When public opinion in all the Allied countries has subsided into sanity on German reparations, as it already has in Britain, financiers can soon find a way out, and trade and commerce will no longer be scared periodically from their desks by the seismic shocks given to credit every time a French minister ascends the tribune to make a statement on reparations.
Regarding the payment of reparations solely from the point of view of finance, the issues can be stated simply, and I think solved readily.
It is always assumed by those who have never read the Treaty of Versailles, and the letter that accompanied it, that this much-abused and little-perused document fixed a fabulous indemnity for payment by Germany. The treaty may have its defects; that is not one of them, for it fixed no sum for payment, either great or small.
It stipulated that a reparations commission should be set up in order, inter alia, to assess the damage inflicted by Germany on Allied property and the compensation for injury to life and limb in Allied countries.
In the second place—and this is also overlooked—it was to ascertain how much of that claim Germany was capable of paying. On both these questions Germany is entitled to be heard before adjudication.
It is in accordance with all jurisprudence that as Germany was the aggressor and the loser she should pay the costs. But it would be not only oppressive but foolish to urge payment beyond her capacity.
The amount of damage was to be ascertained and assessed by May, 1921. Capacity was to be then determined and revised from time to time, according to the varying conditions.
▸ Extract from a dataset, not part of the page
(* There exist universal constants $0<c\le C$ such that for all integers $n\ge k\ge 2$ and $r\ge 0$, \[ c\,k(\log_k n + r)\le \mathsf{opt}_{\operatorname{bandit}}^{\operatorname{adap}}(n,k,r)\le C\,k(\log_k n+r). \] Furthermore, for every constant $C_0>0$ there exist constants $0<c'\le C'$ depending only on $C_0$ such that whenever $n\ge k\ge 2$, $r\ge 0$ and $r\le C_0\log_k n$, \[ c'\,k\log_k n\le \mathsf{opt}_{\operatorname{bandit}}^{\operatorname{obl}}(n,k,r)\le C'\,k\log_k n. \]
   Context: Prediction with expert advice, $n$ experts, $k$ labels: let $\mathcal{Y}=\{1,\dots,k\}$, $\mathcal{X}=[k]^n$, and $\mathcal{U}_{n,k}=\{h_1,\dots,h_n\}$ with $h_i(x)=x_i$. For $r\ge0$ let $\mathcal{P}_r$ be the set of finite sequences $p$ of examples in $\mathcal{X}\times\mathcal{Y}$ such that some $h_i$ satisfies $h_i(x)\neq y$ for at most $r$ examples $(x,y)$ of $p$. Online learning with bandit feedback: in rounds $t=1,2,\dots$ the adversary presents $x_t$, the learner draws $\hat y_t$ from a distribution $\pi^{(t)}$ depending on past observations and $x_t$, and observes only whether $\hat y_t=y_t$ (true label); a mistake is $\hat y_t\ne y_t$. Oblivious: the adversary fixes $S\in\mathcal{P}_r$ in advance; $\mathsf{opt}_{\operatorname{bandit}}^{\operatorname{obl}}(n,k,r)=\inf_{\text{learner}}\sup_{S\in\mathcal{P}_r}$ expected mistakes. Adaptive: each round the adversary picks $x_t$ from the history, sees $\pi^{(t)}$, and picks a distribution $\tau^{(t)}$ of $y_t$ ($\hat y_t\sim\pi^{(t)}$, $y_t\sim\tau^{(t)}$), subject to: whenever the history is realizable, every $y_t$ in the support of $\tau^{(t)}$ keeps it realizable, where a history of (instance, correct/incorrect, prediction) triples is realizable if some choice of true labels agreeing with all observations yields a sequence in $\mathcal{P}_r$ (i.e. some expert is inconsistent with the bandit feedback in at most $r$ rounds). $\mathsf{opt}_{\operatorname{bandit}}^{\operatorname{adap}}(n,k,r)=\inf_{\text{learner}}\sup_{\text{adversary}}$ expected mistakes. *)

theory Defs
  imports "HOL-Probability.Probability"
begin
Even so fair a controversialist as the eminent Italian statesman Signor Nitti has ignored the latter provision in the Versailles treaty. No wonder that he should, for there are multitudes who treat every alteration in the annuities fixed in May, 1921, as if it were a departure from the Treaty of Versailles to the detriment of the victors; whereas every modification made was effected under the provisions and by the machinery incorporated in the treaty for that express purpose.
But there has undoubtedly been a departure from the treaty—a fundamental departure. It has, however, been entirely to the detriment of the vanquished. In what respect? I propose to explain, for the whole trouble has arisen from this change in the treaty. The treaty provided that the body to be set up for deciding the amount to be paid in respect of reparations should consist of a representative each of the United States of America, the British Empire, France, Italy, and Belgium.
With the exception of the United States of America, all these powers are pecuniarily interested in the verdict. At best it was therefore on the face of it not a very impartial tribunal. Still, Britain, as a great trading community, was more interested in a settlement than in a few millions more or less of indemnity wrung out of Germany; and Italy also was a country which had large business dealings with Germany and would not therefore be tempted to take a violently anti-German view on the commission. The presence therefore of the United States of America, Britain and Italy together on the commission constituted a guarantee for moderation of view.